------ Input records

text \<open>\<open>1 - z A\<close> is singular only at the reciprocals of the eigenvalues, which lie outside the closed
  disc and are finitely many.\<close>

lemma stable_mat_det_nonzero:
  assumes st: "stable_mat n A"
  obtains \<rho> where "1 < \<rho>" "\<And>z. cmod z < \<rho> \<Longrightarrow> Determinant.det (1\<^sub>m n - z \<cdot>\<^sub>m A) \<noteq> 0"
proof -
  have A: "A \<in> carrier_mat n n" and ev: "\<And>k. eigenvalue A k \<Longrightarrow> cmod k < 1"
    using st unfolding stable_mat_def by auto
  define F where "F = {z. Determinant.det (1\<^sub>m n - z \<cdot>\<^sub>m A) = 0}"
  have reciprocal_eigenvalue: "z \<noteq> 0 \<and> eigenvalue A (1 / z)" if "z \<in> F" for z
  proof -
    have d: "Determinant.det (1\<^sub>m n - z \<cdot>\<^sub>m A) = 0" using that unfolding F_def by simp
    have z0: "z \<noteq> 0"
    proof
      assume "z = 0"
      then have "1\<^sub>m n - z \<cdot>\<^sub>m A = 1\<^sub>m n" using A by (auto intro!: eq_matI)
      then show False using d by simp
    qed
    have "(- z) ^ n * Determinant.det (char_matrix A (1 / z)) = 0"
      using d unfolding one_minus_smult_mat_char_matrix[OF A z0] using A by (simp add: char_matrix_def)
    then show ?thesis using z0 eigenvalue_det[OF A] by simp
  qed
  have "F \<subseteq> (\<lambda>k. 1 / k) ` {k. poly (char_poly A) k = 0}"
  proof
    fix z assume "z \<in> F"
    with reciprocal_eigenvalue have "z = 1 / (1 / z)" "poly (char_poly A) (1 / z) = 0"
      using eigenvalue_root_char_poly[OF A] by auto
    then show "z \<in> (\<lambda>k. 1 / k) ` {k. poly (char_poly A) k = 0}" by blast
  qed
  moreover have "finite {k. poly (char_poly A) k = 0}"
    using degree_monic_char_poly[OF A] by (intro poly_roots_finite) auto
  ultimately have finF: "finite F" by (rule finite_subset[OF _ finite_imageI])
  have gt_1: "1 < cmod z" if "z \<in> F" for z
  proof -
    have "z \<noteq> 0" "cmod (1 / z) < 1" using ev reciprocal_eigenvalue[OF that] by auto
    then show ?thesis by (simp add: norm_divide divide_less_eq)
  qed
  obtain \<rho> where rho: "1 < \<rho>" "\<And>z. z \<in> F \<Longrightarrow> \<rho> \<le> cmod z"
    using finite_set_norm_gt_1[OF finF gt_1] by auto
  show ?thesis
  proof (rule that[OF rho(1)])
    fix z assume "cmod z < \<rho>"
    then have "z \<notin> F" using rho(2) by force
    then show "Determinant.det (1\<^sub>m n - z \<cdot>\<^sub>m A) \<noteq> 0" unfolding F_def by simp
  qed
qed

context
  fixes n :: nat and A :: "complex mat"
  assumes st: "stable_mat n A"
begin

lemma stable_mat_carrier: "A \<in> carrier_mat n n"
  using st unfolding stable_mat_def by auto

lemma resolvent_mat_inverse:
  assumes "cmod z \<le> 1"
  shows "resolvent_mat n A z \<in> carrier_mat n n"
    "(1\<^sub>m n - z \<cdot>\<^sub>m A) * resolvent_mat n A z = 1\<^sub>m n"
    "resolvent_mat n A z * (1\<^sub>m n - z \<cdot>\<^sub>m A) = 1\<^sub>m n"
proof -
  obtain \<rho> where "1 < \<rho>" "\<And>z. cmod z < \<rho> \<Longrightarrow> Determinant.det (1\<^sub>m n - z \<cdot>\<^sub>m A) \<noteq> 0"
    by (rule stable_mat_det_nonzero[OF st]) blast
  then have "Determinant.det (1\<^sub>m n - z \<cdot>\<^sub>m A) \<noteq> 0" using assms by auto
  moreover have "1\<^sub>m n - z \<cdot>\<^sub>m A \<in> carrier_mat n n" using stable_mat_carrier by auto
  ultimately show "resolvent_mat n A z \<in> carrier_mat n n"
    "(1\<^sub>m n - z \<cdot>\<^sub>m A) * resolvent_mat n A z = 1\<^sub>m n"
    "resolvent_mat n A z * (1\<^sub>m n - z \<cdot>\<^sub>m A) = 1\<^sub>m n"
    unfolding resolvent_mat_def using minv_inverse by blast+
qed

lemma holomorphic_near_cdisc_resolvent_mat:
  assumes c: "c < n" and d: "d < n"
  shows "holomorphic_near_cdisc (\<lambda>z. resolvent_mat n A z $$ (c,d))"
proof -
  obtain \<rho> where rho: "1 < \<rho>"
    and det_nz: "\<And>z. cmod z < \<rho> \<Longrightarrow> Determinant.det (1\<^sub>m n - z \<cdot>\<^sub>m A) \<noteq> 0"
    by (rule stable_mat_det_nonzero[OF st]) blast
  have car: "1\<^sub>m n - z \<cdot>\<^sub>m A \<in> carrier_mat n n" for z using stable_mat_carrier by auto
  have entries: "(\<lambda>z. (1\<^sub>m n - z \<cdot>\<^sub>m A) $$ (i,j)) holomorphic_on ball 0 \<rho>" if "i < n" "j < n" for i j
  proof -
    have "(\<lambda>z. (1\<^sub>m n - z \<cdot>\<^sub>m A) $$ (i,j)) = (\<lambda>z. (if i = j then 1 else 0) - z * A $$ (i,j))"
      using that stable_mat_carrier by (auto simp: fun_eq_iff)
    then show ?thesis by (auto intro!: holomorphic_intros)
  qed
  have "(\<lambda>z. adj_mat (1\<^sub>m n - z \<cdot>\<^sub>m A) $$ (c,d) / Determinant.det (1\<^sub>m n - z \<cdot>\<^sub>m A))
          holomorphic_on ball 0 \<rho>"
    by (rule holomorphic_on_divide[OF holomorphic_on_adj_mat_index[OF car entries c d]
          holomorphic_on_det[OF car entries]]) (use det_nz in auto)
  moreover have "resolvent_mat n A z $$ (c,d) =
      adj_mat (1\<^sub>m n - z \<cdot>\<^sub>m A) $$ (c,d) / Determinant.det (1\<^sub>m n - z \<cdot>\<^sub>m A)" if "cmod z < \<rho>" for z
    unfolding resolvent_mat_def minv_adj_mat[OF car det_nz[OF that]]
    using adj_mat(1)[OF car[of z]] c d by (simp add: carrier_matD)
  ultimately show ?thesis unfolding holomorphic_near_cdisc_def using rho by force
qed

lemma resolvent_mat_index_eq:
  assumes z: "cmod z \<le> 1" and c: "c < n" and d: "d < n"
  shows "resolvent_mat n A z $$ (c,d) =
    (if c = d then 1 else 0) + z * (\<Sum>e<n. A $$ (c,e) * resolvent_mat n A z $$ (e,d))"
proof -
  note inv = resolvent_mat_inverse[OF z]
  have car: "1\<^sub>m n - z \<cdot>\<^sub>m A \<in> carrier_mat n n" using stable_mat_carrier by auto
  have "(if c = d then 1 else 0) = ((1\<^sub>m n - z \<cdot>\<^sub>m A) * resolvent_mat n A z) $$ (c,d)"
    using inv(2) c d by simp
  also have "\<dots> = (\<Sum>e<n. (1\<^sub>m n - z \<cdot>\<^sub>m A) $$ (c,e) * resolvent_mat n A z $$ (e,d))"
    by (rule index_mult_mat_sum[OF car inv(1) c d])
  also have "\<dots> = (\<Sum>e<n. (if c = e then resolvent_mat n A z $$ (e,d) else 0)
                         - z * (A $$ (c,e) * resolvent_mat n A z $$ (e,d)))"
    by (rule sum.cong) (use c stable_mat_carrier in \<open>auto simp: algebra_simps\<close>)
  also have "\<dots> = resolvent_mat n A z $$ (c,d) - z * (\<Sum>e<n. A $$ (c,e) * resolvent_mat n A z $$ (e,d))"
    using c by (simp add: sum_subtractf sum_distrib_left)
  finally show ?thesis by (simp add: algebra_simps)
qed

lemma resolvent_mat_0: "resolvent_mat n A 0 = 1\<^sub>m n"
proof -
  have "1\<^sub>m n - 0 \<cdot>\<^sub>m A = 1\<^sub>m n" using stable_mat_carrier by (auto intro!: eq_matI)
  then show ?thesis unfolding resolvent_mat_def by (simp add: minv_eqI[of "1\<^sub>m n" n "1\<^sub>m n"])
qed

text \<open>Read off from the identity \<open>M(z) = 1 + z A M(z)\<close> by induction: \<open>(1 - z A)\<^sup>-\<^sup>1 = \<Sum> z\<^sup>k A\<^sup>k\<close>.\<close>

lemma circle_coeff_resolvent_mat:
  "c < n \<Longrightarrow> d < n \<Longrightarrow> circle_coeff (\<lambda>z. resolvent_mat n A z $$ (c,d)) (int k) = (A ^\<^sub>m k) $$ (c,d)"
proof (induction k arbitrary: c d)
  case 0
  then show ?case using circle_coeff_0[OF holomorphic_near_cdisc_resolvent_mat[OF 0]] stable_mat_carrier
    by (simp add: resolvent_mat_0)
next
  case (Suc k)
  define S where "S z = (\<Sum>e<n. A $$ (c,e) * resolvent_mat n A z $$ (e,d))" for z
  have hS: "holomorphic_near_cdisc S" unfolding S_def
    by (intro holomorphic_near_cdisc_sum holomorphic_near_cdisc_cmult holomorphic_near_cdisc_resolvent_mat)
      (use Suc.prems in auto)
  have cont: "continuous_on (sphere 0 1) (\<lambda>z. z * S z)"
    by (intro holomorphic_near_cdisc_continuous_on holomorphic_near_cdisc_mult
        holomorphic_near_cdisc_ident hS)
  have "circle_coeff (\<lambda>z. resolvent_mat n A z $$ (c,d)) (int (Suc k))
      = circle_coeff (\<lambda>z. (if c = d then 1 else 0) + z * S z) (int k + 1)"
    unfolding S_def Suc_eq_plus1 of_nat_add of_nat_1
    by (rule circle_coeff_cong, rule resolvent_mat_index_eq) (use Suc.prems in auto)
  also have "\<dots> = circle_coeff S (int k)"
    by (simp add: circle_coeff_add[OF continuous_on_const cont] circle_coeff_const circle_coeff_mult_ident)
  also have "\<dots> = (\<Sum>e<n. A $$ (c,e) * (A ^\<^sub>m k) $$ (e,d))"
    unfolding S_def using Suc
    by (subst circle_coeff_sum) (auto intro!: holomorphic_near_cdisc_continuous_on
        holomorphic_near_cdisc_cmult holomorphic_near_cdisc_resolvent_mat simp: circle_coeff_cmult)
  also have "\<dots> = (A * A ^\<^sub>m k) $$ (c,d)"
    by (rule index_mult_mat_sum[symmetric, OF stable_mat_carrier _ Suc.prems]) (use stable_mat_carrier in simp)
  finally show ?case by (simp only: pow_mat_Suc_left[OF stable_mat_carrier])
qed

lemma index_triple_resolvent_mat:
  assumes "C \<in> carrier_mat p n" "G \<in> carrier_mat n q" "a < p" "b < q" "cmod z \<le> 1"
  shows "(C * resolvent_mat n A z * G) $$ (a,b) =
    (\<Sum>d<n. \<Sum>c<n. (C $$ (a,c) * G $$ (d,b)) * resolvent_mat n A z $$ (c,d))"
  by (rule index_triple_mult_mat[OF assms(1) resolvent_mat_inverse(1)[OF assms(5)] assms(2-4)])

lemma holomorphic_near_cdisc_triple_resolvent_mat:
  assumes "C \<in> carrier_mat p n" "G \<in> carrier_mat n q" "a < p" "b < q"
  shows "holomorphic_near_cdisc (\<lambda>z. (C * resolvent_mat n A z * G) $$ (a,b))"
proof (rule holomorphic_near_cdisc_cong)
  show "holomorphic_near_cdisc
      (\<lambda>z. \<Sum>d<n. \<Sum>c<n. (C $$ (a,c) * G $$ (d,b)) * resolvent_mat n A z $$ (c,d))"
    by (intro holomorphic_near_cdisc_sum holomorphic_near_cdisc_cmult holomorphic_near_cdisc_resolvent_mat) auto
qed (rule index_triple_resolvent_mat[OF assms])

lemma circle_coeff_triple_resolvent_mat:
  assumes C: "C \<in> carrier_mat p n" and G: "G \<in> carrier_mat n q" and a: "a < p" and b: "b < q"
  shows "circle_coeff (\<lambda>z. (C * resolvent_mat n A z * G) $$ (a,b)) (int k) = (C * A ^\<^sub>m k * G) $$ (a,b)"
proof -
  have "circle_coeff (\<lambda>z. (C * resolvent_mat n A z * G) $$ (a,b)) (int k) =
        circle_coeff (\<lambda>z. \<Sum>d<n. \<Sum>c<n. (C $$ (a,c) * G $$ (d,b)) * resolvent_mat n A z $$ (c,d)) (int k)"
    by (rule circle_coeff_cong) (simp add: index_triple_resolvent_mat[OF C G a b])
  also have "\<dots> = (\<Sum>d<n. circle_coeff (\<lambda>z. \<Sum>c<n. (C $$ (a,c) * G $$ (d,b)) * resolvent_mat n A z $$ (c,d))
                         (int k))"
    by (rule circle_coeff_sum) (auto intro!: holomorphic_near_cdisc_continuous_on holomorphic_near_cdisc_sum
        holomorphic_near_cdisc_cmult holomorphic_near_cdisc_resolvent_mat)
  also have "\<dots> = (\<Sum>d<n. \<Sum>c<n. circle_coeff (\<lambda>z. (C $$ (a,c) * G $$ (d,b)) * resolvent_mat n A z $$ (c,d))
                         (int k))"
    by (rule sum.cong[OF refl], rule circle_coeff_sum)
      (auto intro!: holomorphic_near_cdisc_continuous_on holomorphic_near_cdisc_cmult
        holomorphic_near_cdisc_resolvent_mat)
  also have "\<dots> = (\<Sum>d<n. \<Sum>c<n. (C $$ (a,c) * G $$ (d,b)) * (A ^\<^sub>m k) $$ (c,d))"
    by (simp add: circle_coeff_cmult circle_coeff_resolvent_mat)
  also have "\<dots> = (C * A ^\<^sub>m k * G) $$ (a,b)"
    by (rule index_triple_mult_mat[symmetric, OF C _ G a b]) (use stable_mat_carrier in simp)
  finally show ?thesis .
qed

------------

▸ What the exercise asks
Print, exactly and only, the lines running from the one with "by (simp add: circle_coeff_cmult" to the end of the data above.

▸ Task output
    by (simp add: circle_coeff_cmult circle_coeff_resolvent_mat)
  also have "\<dots> = (C * A ^\<^sub>m k * G) $$ (a,b)"
    by (rule index_triple_mult_mat[symmetric, OF C _ G a b]) (use stable_mat_carrier in simp)
  finally show ?thesis .
qed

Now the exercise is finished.